墨殇的第四剑直接切在了寒蝉的另一边小腿上,慌乱中的寒蝉试图抵挡但却遗憾的慢了。墨殇的「霜切」要比寒蝉的快,他的第一剑并没有寒蝉那么的迅猛,但是每一剑的速度和力度都是均匀的。

此刻的寒蝉,在经过接下来墨殇第五、六、七、八、九、十剑的试探过后,身上又多了六道新伤,而且皆是细微的伤口。这些伤口虽不致命,但是却让寒蝉感受到了什么是无力。

当墨殇挥出第十一剑的时候,寒蝉手中的剑已经开始卷刃。没错,墨殇以一把软剑成功将寒蝉手中的宽刃剑劈斩卷了刃,未等寒蝉回过神,墨殇的第十二剑没入了寒蝉另一边的肩部,这一次直接贯穿的寒蝉的肩骨。

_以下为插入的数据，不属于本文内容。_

lemma sum_key_expect_prod:
  "(\<Sum>m\<in>bits n. key_expect n A h m * (\<Prod>j<n. f j (m ! j)))
   = Re (\<Sum>a\<in>bits n. \<Sum>b\<in>bits n. A a b *
       (\<Prod>j<n. cnj (pw1 H1 h (a ! j) False) * pw1 H1 h (b ! j) False * complex_of_real (f j False)
            + cnj (pw1 H1 h (a ! j) True) * pw1 H1 h (b ! j) True * complex_of_real (f j True)))"
proof -
  let ?v = "kP_vec n h"
  let ?f = "\<lambda>m. \<Prod>j<n. complex_of_real (f j (m ! j))"
  have Re_mult: "Re z * r = Re (z * complex_of_real r)" for z r
    by simp
  have "(\<Sum>m\<in>bits n. key_expect n A h m * (\<Prod>j<n. f j (m ! j)))
      = Re (\<Sum>m\<in>bits n. (\<Sum>a\<in>bits n. \<Sum>b\<in>bits n. cnj (?v m a) * A a b * ?v m b)
              * complex_of_real (\<Prod>j<n. f j (m ! j)))"
    unfolding key_expect_def Re_mult by (rule Re_sum[symmetric])
  also have "\<dots> = Re (\<Sum>m\<in>bits n. \<Sum>a\<in>bits n. \<Sum>b\<in>bits n. A a b * (cnj (?v m a) * ?v m b * ?f m))"
    by (rule arg_cong[where f=Re]) (simp add: sum_distrib_left sum_distrib_right mult_ac of_real_prod)
  also have "\<dots> = Re (\<Sum>a\<in>bits n. \<Sum>b\<in>bits n. \<Sum>m\<in>bits n. A a b * (cnj (?v m a) * ?v m b * ?f m))"
    by (subst sum.swap, subst (2) sum.swap, rule refl)
  also have "\<dots> = Re (\<Sum>a\<in>bits n. \<Sum>b\<in>bits n. A a b * (\<Sum>m\<in>bits n. cnj (?v m a) * ?v m b * ?f m))"
    by (simp only: sum_distrib_left)
  finally show ?thesis
    by (simp only: sum_kP_vec_outer_prod[of n h _ _ "\<lambda>j u. complex_of_real (f j u)"])
qed

lemma sum_key_expect: "(\<Sum>m\<in>bits n. key_expect n A h m) = Re (tr n A)"
proof -
  have "(\<Sum>m\<in>bits n. key_expect n A h m) = Re (\<Sum>a\<in>bits n. \<Sum>b\<in>bits n. A a b *
       (\<Prod>j<n. cnj (pw1 H1 h (a ! j) False) * pw1 H1 h (b ! j) False
            + cnj (pw1 H1 h (a ! j) True) * pw1 H1 h (b ! j) True))"
    using sum_key_expect_prod[of n A h "\<lambda>_ _. 1"] by simp
  also have "\<dots> = Re (tr n (mmul n A (Idq n)))"
    unfolding tr_mmul Idq_def kron_all_def by (simp only: H_pow_completeness)
  finally show ?thesis
    by (simp only: tr_mmul_Idq)
qed

lemma sum_key_expect_parity:
  assumes "(j1, j2) \<in> pairs n"
  shows "(\<Sum>m\<in>bits n. key_expect n A h m * sgn_bit (m ! j1 \<noteq> m ! j2))
     = Re (tr n (mmul n A (two_local n (if h then X1 else Z1) j1 j2)))"
proof -
  have jj: "j1 < j2" "j2 < n"
    using assms by (auto simp: pairs_def)
  let ?f = "\<lambda>j u. if j = j1 \<or> j = j2 then sgn_bit u else 1"
  have "sgn_bit (m ! j1 \<noteq> m ! j2) = (\<Prod>j<n. ?f j (m ! j))" for m
    by (simp only: sgn_bit_xor prod_lessThan_two_sites[OF jj])
  then have "(\<Sum>m\<in>bits n. key_expect n A h m * sgn_bit (m ! j1 \<noteq> m ! j2))
      = (\<Sum>m\<in>bits n. key_expect n A h m * (\<Prod>j<n. ?f j (m ! j)))"
    by simp
  also have "\<dots> = Re (tr n (mmul n A (two_local n (if h then X1 else Z1) j1 j2)))"
    unfolding sum_key_expect_prod[of n A h ?f] tr_mmul two_local_def kron_all_def
    by (simp only: H_pow_spectral if_distrib[of "\<lambda>f. f _ _"])
  finally show ?thesis .
qed

section \<open>The parity test and the Hamiltonian\<close>

definition parity_accept :: "nat \<Rightarrow> (nat \<times> nat \<Rightarrow> real) \<Rightarrow> (nat \<times> nat \<Rightarrow> real) \<Rightarrow> bool list \<Rightarrow> real" where
  "parity_accept n p s m = (\<Sum>(j1, j2)\<in>pairs n. p (j1, j2) *
      (if sgn_bit (m ! j1 \<noteq> m ! j2) = - s (j1, j2) then 1 else 0))"

lemma parity_accept_affine:
  assumes s_pm: "s ` pairs n \<subseteq> {-1, 1}"
  shows "parity_accept n p s m
       = (\<Sum>J\<in>pairs n. p J / 2 * (1 - s J * sgn_bit (m ! fst J \<noteq> m ! snd J)))"
  unfolding parity_accept_def case_prod_beta prod.collapse
proof (intro sum.cong refl)
  fix J
  assume "J \<in> pairs n"
  then have "s J = 1 \<or> s J = -1"
    using s_pm by auto
  moreover have "sgn_bit (m ! fst J \<noteq> m ! snd J) = 1 \<or> sgn_bit (m ! fst J \<noteq> m ! snd J) = -1"
    by (simp add: sgn_bit_def)
  ultimately show "p J * (if sgn_bit (m ! fst J \<noteq> m ! snd J) = - s J then 1 else 0)
      = p J / 2 * (1 - s J * sgn_bit (m ! fst J \<noteq> m ! snd J))"
    by auto
qed

lemma parity_accept_le_1:
  assumes "\<And>J. J \<in> pairs n \<Longrightarrow> 0 \<le> p J" "(\<Sum>J\<in>pairs n. p J) = 1"
  shows "parity_accept n p s m \<le> 1"
proof -
  have "parity_accept n p s m \<le> (\<Sum>J\<in>pairs n. p J)"
    unfolding parity_accept_def case_prod_beta using assms(1) by (intro sum_mono) auto
  then show ?thesis
    using assms(2) by simp
qed

lemma sum_key_expect_parity_accept:
  assumes s_pm: "s ` pairs n \<subseteq> {-1, 1}"
  shows "(\<Sum>m\<in>bits n. key_expect n A h m * parity_accept n p s m)
       = (\<Sum>J\<in>pairs n. p J / 2 * (Re (tr n A)
            - s J * Re (tr n (mmul n A (two_local n (if h then X1 else Z1) (fst J) (snd J))))))"
proof -
  let ?q = "key_expect n A h"
  let ?sg = "\<lambda>J m. sgn_bit (m ! fst J \<noteq> m ! snd J)"
  have "(\<Sum>m\<in>bits n. ?q m * parity_accept n p s m)
      = (\<Sum>m\<in>bits n. \<Sum>J\<in>pairs n. p J / 2 * ?q m - p J / 2 * s J * (?q m * ?sg J m))"
    unfolding parity_accept_affine[OF s_pm] sum_distrib_left
    by (intro sum.cong refl) (simp add: algebra_simps)
  also have "\<dots> = (\<Sum>J\<in>pairs n. p J / 2 * (\<Sum>m\<in>bits n. ?q m)
      - p J / 2 * s J * (\<Sum>m\<in>bits n. ?q m * ?sg J m))"
    by (subst sum.swap) (simp only: sum_subtractf sum_distrib_left)
  also have "\<dots> = (\<Sum>J\<in>pairs n. p J / 2 * (Re (tr n A)
            - s J * Re (tr n (mmul n A (two_local n (if h then X1 else Z1) (fst J) (snd J))))))"
  proof (intro sum.cong refl)
    fix J
    assume "J \<in> pairs n"
    then show "p J / 2 * (\<Sum>m\<in>bits n. ?q m) - p J / 2 * s J * (\<Sum>m\<in>bits n. ?q m * ?sg J m)
        = p J / 2 * (Re (tr n A)
            - s J * Re (tr n (mmul n A (two_local n (if h then X1 else Z1) (fst J) (snd J)))))"
      using sum_key_expect_parity[of "fst J" "snd J" n A h]
      by (simp only: prod.collapse sum_key_expect right_diff_distrib mult.assoc)
  qed
  finally show ?thesis .
qed
section \<open>Graphs whose distance is given by a function\<close>

lemma walk_append_iff: "walk V E (xs @ y # ys) \<longleftrightarrow> walk V E (xs @ [y]) \<and> walk V E (y # ys)"
proof (induction xs)
  case Nil
  then show ?case by (cases ys) auto
next
  case (Cons x xs)
  then show ?case by (cases xs) auto
qed

lemma walk_subset: "walk V E q \<Longrightarrow> set q \<subseteq> V"
  by (induction V E q rule: walk.induct) auto

lemma walk_not_Nil: "walk V E q \<Longrightarrow> q \<noteq> []"
  by (cases q) auto

locale graph_distance =
  fixes V :: "'a set" and E :: "'a \<Rightarrow> 'a \<Rightarrow> bool" and d :: "'a \<Rightarrow> 'a \<Rightarrow> nat"
  assumes dist_self: "u \<in> V \<Longrightarrow> d u u = 0"
    and dist_adj_le_1: "u \<in> V \<Longrightarrow> v \<in> V \<Longrightarrow> E u v \<Longrightarrow> d u v \<le> 1"
    and dist_triangle: "u \<in> V \<Longrightarrow> v \<in> V \<Longrightarrow> w \<in> V \<Longrightarrow> d u w \<le> d u v + d v w"
    and exists_closer_neighbour: "u \<in> V \<Longrightarrow> v \<in> V \<Longrightarrow> u \<noteq> v \<Longrightarrow> \<exists>u'\<in>V. E u u' \<and> d u' v < d u v"
begin

lemma walk_length_ge: "walk V E q \<Longrightarrow> d (hd q) (last q) + 1 \<le> length q"
proof (induction q rule: induct_list012)
  case (3 x y xs)
  then have "x \<in> V" "y \<in> V" "last (y # xs) \<in> V" "E x y"
    using walk_subset[of V E "y # xs"] by auto
  then have "d x (last (y # xs)) \<le> 1 + d y (last (y # xs))"
    using dist_triangle[of x y "last (y # xs)"] dist_adj_le_1[of x y] by linarith
  with 3 show ?case by simp
qed (auto simp: dist_self)

lemma dist_eq_0_imp_eq: "u \<in> V \<Longrightarrow> v \<in> V \<Longrightarrow> d u v = 0 \<Longrightarrow> u = v"
  using exists_closer_neighbour by (metis less_nat_zero_code)

lemma exists_geodesic:
  "u \<in> V \<Longrightarrow> v \<in> V \<Longrightarrow> \<exists>q. walk V E q \<and> hd q = u \<and> last q = v \<and> length q = d u v + 1"
proof (induction "d u v" arbitrary: u rule: less_induct)
  case less
  show ?case
  proof (cases "u = v")
    case True
    with less.prems show ?thesis
      by (intro exI[of _ "[u]"]) (simp add: dist_self)
  next
    case False
    with less.prems obtain u' where u': "u' \<in> V" "E u u'" "d u' v < d u v"
      using exists_closer_neighbour by blast
    obtain q where q: "walk V E q" "hd q = u'" "last q = v" "length q = d u' v + 1"
      using less.hyps[OF u'(3) u'(1) less.prems(2)] by blast
    have "d u v \<le> 1 + d u' v"
      using dist_triangle[of u u' v] dist_adj_le_1[of u u'] less.prems u' by linarith
    moreover have "walk V E (u # q)"
      using q u' less.prems by (cases q) auto
    ultimately show ?thesis
      using q u' walk_not_Nil[OF q(1)] by (intro exI[of _ "u # q"]) simp
  qed
qed

lemma geodesic_distinct:
  assumes "walk V E q" "length q = d (hd q) (last q) + 1"
  shows "distinct q"
proof (rule ccontr)
  assume "\<not> distinct q"
  then obtain xs ys zs y where q: "q = xs @ [y] @ ys @ [y] @ zs"
    using not_distinct_decomp by blast
  with assms(1) have "walk V E (xs @ [y])" "walk V E (y # ys @ [y])" "walk V E (y # zs)"
    using walk_append_iff[of V E xs y "ys @ y # zs"] walk_append_iff[of V E "y # ys" y zs]
    by simp_all
  then have "walk V E (xs @ y # zs)"
    using walk_append_iff[of V E xs y zs] by blast
  moreover have "hd (xs @ y # zs) = hd q" "last (xs @ y # zs) = last q"
    using q by (simp_all add: hd_append)
  ultimately show False
    using walk_length_ge[of "xs @ y # zs"] assms(2) q by simp
qed

lemma shortest_path_iff:
  assumes "x \<in> V" "y \<in> V"
  shows "shortest_path V E x y p \<longleftrightarrow> walk V E p \<and> hd p = x \<and> last p = y \<and> length p = d x y + 1"
proof
  obtain q where q: "walk V E q" "hd q = x" "last q = y" "length q = d x y + 1"
    using exists_geodesic[OF assms] by blast
  then have "path_betw V E x y q"
    using geodesic_distinct by (simp add: path_betw_def)
  moreover assume "shortest_path V E x y p"
  ultimately have "walk V E p" "hd p = x" "last p = y" "length p \<le> d x y + 1"
    using q unfolding shortest_path_def path_betw_def by auto
  with walk_length_ge[of p] show "walk V E p \<and> hd p = x \<and> last p = y \<and> length p = d x y + 1"
    by simp
next
  assume p: "walk V E p \<and> hd p = x \<and> last p = y \<and> length p = d x y + 1"
  then have "distinct p"
    using geodesic_distinct by simp
  moreover have "length p \<le> length r" if "path_betw V E x y r" for r
    using walk_length_ge[of r] that p by (auto simp: path_betw_def)
  ultimately show "shortest_path V E x y p"
    using p by (simp add: shortest_path_def path_betw_def)
qed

当墨殇拔出「游鸿」之时,空气中,细微的血滴如同以笔尖泼墨,散落于足下方寸。「游鸿」在墨殇的手中并不像是一把软剑。

它像极了一支画笔,精准的在寒蝉的身上留下一道又一道细微的血色线条,寒蝉越是用力,原本细微的伤口反而会越大,于是体内顺着伤口外涌的鲜血也自然会越来越多。

尽管寒蝉不愿意承认,但是墨殇确实以手中的那把软剑施展出了「霜切」,并在接下来的这七剑之下将寒蝉彻底变成一个废人。

作为昔日霜剑寒甲司城北部的实际负责人,寒蝉从来没想过自己的结局会是现在这样,更没有想到自己会有即将死在剑技「霜切」之下的这天。

当墨殇出到第二十剑的时候,寒蝉手中的剑均匀的被「游鸿」斩成了二十一截,然后散落在了他的面前。望着断成二十一截的剑,寒蝉不由得笑出了声。

他的这声笑,令墨殇有些不明所以。

不过,墨殇并不在乎。

事实上,寒蝉的笑是在自嘲罢了。

在他拔剑之前,墨殇就说过,会以二十一下挥动的「霜切」来结束他的性命。而这散落满地的二十一截断刃,并非墨殇这第二十剑所致,而是先前的每一剑,都为这第二十剑埋下了伏笔。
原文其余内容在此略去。